Protocols for these extracts show they contain all the factors needed to license and copy DNA, which lets scientists pause forks and capture real intermediates.

They also created specific DNA knots and links using E. coli proteins and then tested whether the system could correctly identify them.

The team demonstrated that the method could measure the size of simple DNA circles with about one percent accuracy. It also distinguished between two similar five-crossing knot types by tracking how the strands crossed over or under each other.

“We have done that by developing advanced new image-analysis tools that can do in a matter of seconds that before may have taken hours,” said Pyne.

Telling strands apart

The hardest part of visualizing a tangle is not seeing that two segments cross – it is telling which one is on top. The authors solved this problem by using the small but measurable height difference at each crossing.

The researchers then trained a model to follow the DNA paths without losing track at tight junctions.

“DNA is a really long molecule,” said study co-author Dr. Sean Colloms from the School of Molecular Bioscience at the University of Glasgow. “Just like any long piece of string, the DNA in our cells gets tangled and knotted.”

“At each DNA crossing, we can see which piece of DNA goes over which and this even allows us to tell the difference between one knot and its mirror image, which is important in our studies.”

DNA knots guide new drugs

The ability to classify tangles on single molecules gives drug hunters a readout for compounds that alter replication, transcription, or decatenation.

It can also guide design in DNA nanotechnology, where loops and crossings are part of the scaffold rather than a nuisance.

Previous studies have already used atomic force microscopy to see how supercoiling changes groove width and local recognition. This work suggests that shape cues may help guide protein binding.

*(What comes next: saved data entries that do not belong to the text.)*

(* Let $(\mathcal U,\mathcal D)$ be a metric space, $\mathcal R\subseteq\mathcal U$ a finite dataset, $\delta>0$, and $a_1,\dots,a_n\in\mathcal U$. For $o\in\mathcal U$ let $o^n=(\mathcal D(a_1,o),\dots,\mathcal D(a_n,o))\in\mathbb{R}^n$. Let $\mathcal B_1,\dots,\mathcal B_p\subseteq\mathbb{R}^n$ be boxes $\mathcal B_i=\prod_{d=1}^n[\mathcal B_i^{\bot}[d],\mathcal B_i^{\top}[d]]$, and define the kernel partitions $\mathcal V_i=\{o\in\mathcal R: o^n\in\mathcal B_i\}$ and the whole partitions $$\mathcal W_i=\Big\{o\in\mathcal R:\ o^n\in\prod_{d=1}^n\big[\mathcal B_i^{\bot}[d]-\delta,\ \mathcal B_i^{\top}[d]+\delta\big]\Big\}.$$ Assume the kernel partitions are pairwise disjoint and $\bigcup_{i=1}^p\mathcal V_i=\mathcal R$. Then for any two objects $o_x,o_y\in\mathcal R$ with $\mathcal D(o_x,o_y)<\delta$, there exists $k\in\{1,\dots,p\}$ such that $o_x\in\mathcal V_k$ and $o_y\in\mathcal W_k$.
   Context: The points $a_1,\dots,a_n$ are "dimensional pivots" used to map objects into the Euclidean target space $\mathbb{R}^n$; the boxes $\mathcal B_i$ are the areas obtained by partitioning that target space. A metric $\mathcal D$ satisfies non-negativity, $\mathcal D(x,y)=0$ iff $x=y$, symmetry and the triangle inequality. *)

theory Defs
  imports "HOL-Analysis.Analysis"
begin

definition is_metric :: "'u set \<Rightarrow> ('u \<Rightarrow> 'u \<Rightarrow> real) \<Rightarrow> bool" where
  "is_metric U D \<longleftrightarrow>
     (\<forall>x\<in>U. \<forall>y\<in>U. D x y \<ge> 0) \<and>
     (\<forall>x\<in>U. \<forall>y\<in>U. D x y = 0 \<longleftrightarrow> x = y) \<and>
     (\<forall>x\<in>U. \<forall>y\<in>U. D x y = D y x) \<and>
     (\<forall>x\<in>U. \<forall>y\<in>U. \<forall>z\<in>U. D x z \<le> D x y + D y z)"

definition kernel_part ::
  "('u \<Rightarrow> 'u \<Rightarrow> real) \<Rightarrow> (nat \<Rightarrow> 'u) \<Rightarrow> nat \<Rightarrow> 'u set \<Rightarrow>
   (nat \<Rightarrow> nat \<Rightarrow> real) \<Rightarrow> (nat \<Rightarrow> nat \<Rightarrow> real) \<Rightarrow> nat \<Rightarrow> 'u set" where
  "kernel_part D a n R lo hi i =
     {x \<in> R. \<forall>d\<in>{1..n}. lo i d \<le> D (a d) x \<and> D (a d) x \<le> hi i d}"

definition whole_part ::
  "('u \<Rightarrow> 'u \<Rightarrow> real) \<Rightarrow> (nat \<Rightarrow> 'u) \<Rightarrow> nat \<Rightarrow> 'u set \<Rightarrow>
   (nat \<Rightarrow> nat \<Rightarrow> real) \<Rightarrow> (nat \<Rightarrow> nat \<Rightarrow> real) \<Rightarrow> real \<Rightarrow> nat \<Rightarrow> 'u set" where
  "whole_part D a n R lo hi \<delta> i =
     {x \<in> R. \<forall>d\<in>{1..n}. lo i d - \<delta> \<le> D (a d) x \<and> D (a d) x \<le> hi i d + \<delta>}"

end

theory Submission
  imports Defs
begin

text \<open>The pivot map \<open>o \<mapsto> (D(a\<^sub>1,o),\<dots>,D(a\<^sub>n,o))\<close> is 1-Lipschitz in every coordinate by the
  triangle inequality, so an object within \<open>\<delta>\<close> of a point of a box lies in the box widened
  by \<open>\<delta>\<close>. Hence any box of the covering kernel partitions that contains \<open>o\<^sub>x\<close> works.\<close>

lemma is_metric_dist_diff_le:
  assumes "is_metric U D" and "z \<in> U" "x \<in> U" "y \<in> U"
  shows "\<bar>D z x - D z y\<bar> \<le> D x y"
proof -
  have sym: "\<forall>x\<in>U. \<forall>y\<in>U. D x y = D y x"
    and tri: "\<forall>x\<in>U. \<forall>y\<in>U. \<forall>z\<in>U. D x z \<le> D x y + D y z"
    using assms(1) unfolding is_metric_def by blast+
  have "D z x \<le> D z y + D y x" "D z y \<le> D z x + D x y"
    using tri assms(2-4) by blast+
  moreover have "D y x = D x y" using sym assms(3,4) by blast
  ultimately show ?thesis by linarith
qed

lemma whole_part_if_kernel_part_close:
  assumes "is_metric U D" and "R \<subseteq> U" and "\<forall>d\<in>{1..n}. a d \<in> U"
    and "x \<in> kernel_part D a n R lo hi k" and "y \<in> R" and "D x y \<le> \<delta>"
  shows "y \<in> whole_part D a n R lo hi \<delta> k"
proof -
  have "lo k d - \<delta> \<le> D (a d) y \<and> D (a d) y \<le> hi k d + \<delta>" if d: "d \<in> {1..n}" for d
  proof -
    have "x \<in> R" "lo k d \<le> D (a d) x" "D (a d) x \<le> hi k d"
      using assms(4) d unfolding kernel_part_def by auto
    moreover have "\<bar>D (a d) x - D (a d) y\<bar> \<le> D x y"
      using is_metric_dist_diff_le[OF assms(1)] assms(2,3,5) d \<open>x \<in> R\<close> by blast
    ultimately show ?thesis using assms(6) by linarith
  qed
  then show ?thesis using assms(5) unfolding whole_part_def by blast
qed

theorem lemma4:
  fixes U :: "'u set" and D :: "'u \<Rightarrow> 'u \<Rightarrow> real" and R :: "'u set"
    and \<delta> :: real and n p :: nat and a :: "nat \<Rightarrow> 'u"
    and lo hi :: "nat \<Rightarrow> nat \<Rightarrow> real" and ox oy :: 'u
  assumes "is_metric U D"
    and "R \<subseteq> U" and "finite R"
    and "\<delta> > 0"
    and "\<forall>d\<in>{1..n}. a d \<in> U"
    and "\<forall>i\<in>{1..p}. \<forall>j\<in>{1..p}. i \<noteq> j \<longrightarrow>
           kernel_part D a n R lo hi i \<inter> kernel_part D a n R lo hi j = {}"
    and "(\<Union>i\<in>{1..p}. kernel_part D a n R lo hi i) = R"
    and "ox \<in> R" and "oy \<in> R" and "D ox oy < \<delta>"
  shows "\<exists>k\<in>{1..p}. ox \<in> kernel_part D a n R lo hi k \<and> oy \<in> whole_part D a n R lo hi \<delta> k"
proof -
  obtain k where "k \<in> {1..p}" and ox_k: "ox \<in> kernel_part D a n R lo hi k"
    using assms(7,8) by blast
  moreover have "oy \<in> whole_part D a n R lo hi \<delta> k"
    using whole_part_if_kernel_part_close[OF assms(1,2,5) ox_k assms(9)] assms(10) by simp
  ultimately show ?thesis by blast
qed

end
(* Let $\mu$ be a probability measure on $\mathbb R$ with $\int x\,d\mu=0$, $\int x^2d\mu=1$ and $\int|x|^\alpha d\mu<\infty$ for some $\alpha>3$. Let $(S_n)$ be a random walk started at $0$ with step distribution $\mu$, and $S^*_n=\max_{0\le k\le n}|S_k|$. Then for every $p<\tfrac12$ there is $C_p>0$ such that for all $n\ge1$ and all $M\ge\sqrt n$, $$\mathsf P(S^*_n\ge M)\le C_p\Big(\frac{\sqrt n}{M}e^{-M^2/(18n)}+\frac1{n^p}\Big).$$ *)

theory Defs
  imports "HOL-Probability.Probability"
begin

text \<open>Random walk with step distribution mu, started at 0, realised canonically on the
  finite product space of the first n steps: a point w of this space is the vector of
  steps (w 0, ..., w (n-1)), and S_k = (sum i<k. w i) for 0 <= k <= n.
  rw_max_tail mu n M is P(S*_n >= M) where S*_n = max_{0<=k<=n} |S_k|.\<close>

definition rw_max_tail :: "real measure \<Rightarrow> nat \<Rightarrow> real \<Rightarrow> real" where
  "rw_max_tail mu n M =
     measure (PiM {..<n} (\<lambda>_. mu))
       {w \<in> space (PiM {..<n} (\<lambda>_. mu)). (MAX k\<in>{0..n}. \<bar>\<Sum>i<k. w i\<bar>) \<ge> M}"

end

theory Submission
  imports Defs
begin

text \<open>Truncate the steps at level \<open>y = n powr \<gamma>\<close> with \<open>\<gamma> < 1/2\<close>, and write \<open>K = E \<bar>X\<bar> powr \<alpha>\<close>.
  Some step exceeds \<open>y\<close> with probability at most \<open>n K / y powr \<alpha>\<close>. Otherwise the walk agrees,
  up to a drift of at most \<open>n K y powr (1 - \<alpha>)\<close>, with a walk whose steps are independent, centred,
  of variance at most 1 and bounded by \<open>B = (1 + K) y\<close>. For such a walk Doob's maximal inequality
  for \<open>exp (l S_k)\<close> together with \<open>E exp (l X) \<le> exp (l\<^sup>2)\<close> (valid for \<open>l B \<le> 1/2\<close>) gives
  the Bernstein-type bound \<open>exp (- x\<^sup>2 / (4 n)) + exp (- n / (4 B\<^sup>2))\<close> for the probability that the
  maximum exceeds \<open>x\<close>.

  The drift is below \<open>M/2\<close> except for boundedly many \<open>n\<close>, so one may take \<open>x = M/2\<close>, and
  \<open>exp (- M\<^sup>2 / (16 n))\<close> is dominated by \<open>sqrt n / M * exp (- M\<^sup>2 / (18 n))\<close>. The second
  exponential is \<open>exp (- c n powr (1 - 2 \<gamma>))\<close>, smaller than any power of \<open>n\<close>, and the first
  term is \<open>K n powr (1 - \<gamma> \<alpha>) \<le> K / n powr p\<close> once \<open>\<gamma> \<alpha> \<ge> 1 + p\<close>; this is compatible
  with \<open>\<gamma> < 1/2\<close> precisely because \<open>\<alpha> > 3 > 2 (1 + p)\<close>.\<close>

lemma exp_le_one_plus_plus_square:
  fixes u :: real
  assumes "\<bar>u\<bar> \<le> 1/2"
  shows "exp u \<le> 1 + u + u\<^sup>2"
proof -
  obtain t where t: "\<bar>t\<bar> \<le> \<bar>u\<bar>" and exp_u: "exp u = 1 + u + exp t / 2 * u\<^sup>2"
    using Maclaurin_exp_le[of u 2] by (auto simp: numeral_2_eq_2)
  have "exp t \<le> exp (1/2)" using t assms by simp
  also have "\<dots> \<le> 2" using exp_bound_half[of "1/2::real"] by simp
  finally have "exp t * u\<^sup>2 \<le> 2 * u\<^sup>2" by (intro mult_right_mono) auto
  then have "exp t / 2 * u\<^sup>2 \<le> u\<^sup>2" by simp
  then show ?thesis using exp_u by simp
qed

“By developing advanced models, we can generate thousands of molecular structures to train future AI frameworks, bringing us closer to visualizing and understanding topology of complex DNA assemblies,” said Dušan Račko of the Polymer Institute of the Slovak Academy of Sciences (SAS).

DNA mapping is not easy

Every method has trade-offs. Atomic force microscopy requires attaching DNA to a surface and pushing gently with a tip, so adsorption and imaging forces can change conformation if conditions are not tuned well.

A 2021 AFM review shows how cations, polymers, and scan settings shape mica results, stressing consistency.

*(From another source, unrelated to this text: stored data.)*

lemma phi_mono: "x \<in> {0..1} \<Longrightarrow> y \<in> {0..1} \<Longrightarrow> x \<le> y \<Longrightarrow> \<phi> x \<le> \<phi> y"
  using mono unfolding mono_on_def by auto

lemma phi_1: "\<phi> 1 = 1"
proof -
  have "\<phi> (1 - \<epsilon>) \<le> \<phi> 1" using eps by (intro phi_mono) auto
  then show ?thesis using eps(3) phi_in_01[of 1] by auto
qed

lemma le_phi: "x \<in> {0..1} \<Longrightarrow> x \<le> \<phi> x"
  using above pos0 phi_1 by (cases "x = 0 \<or> x = 1") (auto simp: less_imp_le)

lemma funpow_phi_in_01: "x \<in> {0..1} \<Longrightarrow> (\<phi> ^^ k) x \<in> {0..1}"
  by (induction k) (use phi_in_01 in auto)

lemma funpow_phi_mono:
  "x \<in> {0..1} \<Longrightarrow> y \<in> {0..1} \<Longrightarrow> x \<le> y \<Longrightarrow> (\<phi> ^^ k) x \<le> (\<phi> ^^ k) y"
proof (induction k)
  case (Suc k)
  have "\<phi> ((\<phi> ^^ k) x) \<le> \<phi> ((\<phi> ^^ k) y)"
    by (rule phi_mono[OF funpow_phi_in_01 funpow_phi_in_01 Suc.IH]) (use Suc.prems in auto)
  then show ?case by simp
qed simp

lemma continuous_on_funpow_phi: "continuous_on {0..1} (\<phi> ^^ k)"
proof (induction k)
  case (Suc k)
  have "continuous_on {0..1} (\<phi> \<circ> (\<phi> ^^ k))"
    using funpow_phi_in_01
    by (intro continuous_on_compose[OF Suc] continuous_on_subset[OF cont]) blast
  then show ?case by simp
qed (simp add: continuous_on_id)

lemma funpow_phi_1: "(\<phi> ^^ k) 1 = 1"
  by (induction k) (auto simp: phi_1)

lemma le_funpow_phi: "x \<in> {0..1} \<Longrightarrow> x \<le> (\<phi> ^^ k) x"
  by (induction k) (auto intro: order_trans[OF _ le_phi[OF funpow_phi_in_01]])

lemma funpow_phi_ge_1_mono:
  assumes x: "x \<in> {0..1}" and k: "(\<phi> ^^ k) x \<ge> 1" and kj: "k \<le> j"
  shows "(\<phi> ^^ j) x \<ge> 1"
proof -
  have "(\<phi> ^^ k) x = 1" using k funpow_phi_in_01[OF x, of k] by auto
  then have "(\<phi> ^^ (j - k + k)) x = 1" by (simp add: funpow_add funpow_phi_1)
  then show ?thesis using kj by simp
qed

lemma N_pos: "N \<ge> 1"
  using N1[rule_format, of 0] by (cases N) auto

lemma funpow_phi_0_lt_1:
  assumes j: "j \<le> N - 1"
  shows "(\<phi> ^^ j) 0 < 1"
proof -
  obtain x0 where x0: "x0 \<in> {0..<1}" "(\<phi> ^^ (N - 1)) x0 \<noteq> 1" using N2 by auto
  have "(\<phi> ^^ j) 0 \<le> (\<phi> ^^ j) ((\<phi> ^^ (N - 1 - j)) 0)"
    using funpow_phi_in_01[of 0] le_funpow_phi[of 0] by (intro funpow_phi_mono) auto
  also have "\<dots> = (\<phi> ^^ (N - 1)) 0"
    using j funpow_add[of j "N - 1 - j" \<phi>] by (metis comp_apply le_add_diff_inverse)
  also have "\<dots> \<le> (\<phi> ^^ (N - 1)) x0" using x0 by (intro funpow_phi_mono) auto
  finally show ?thesis using x0 funpow_phi_in_01[of x0 "N - 1"] by auto
qed

lemma funpow_phi_N: "x \<in> {0..1} \<Longrightarrow> (\<phi> ^^ N) x = 1"
  using N1 by auto

end

definition tail_op :: "(real \<Rightarrow> real) \<Rightarrow> (real \<Rightarrow> 'a::{banach,second_countable_topology}) \<Rightarrow> real \<Rightarrow> 'a" where
  "tail_op \<phi> f x = (LINT t:{\<phi> x<..1}|lborel. f t)"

Even so, the Sheffield pipeline reduces observer bias and scales analysis so that tricky cases can be flagged by their confidence scores instead of quietly misread.

It also makes replication biology more concrete by turning fork junctions, gaps, and reversed forks into numbers rather than sketches. That shift from impression to measurement is what lets the field ask sharper questions.

There is room to grow. The same tracing approach should extend to RNA, to protein-nucleic acid complexes, and to engineered lattices.

Adding live imaging and selective chemistries could link topological snapshots to time and to specific proteins, which could refine readouts for topoisomerase drugs and beyond.

The study is published in the journal Nature Communications.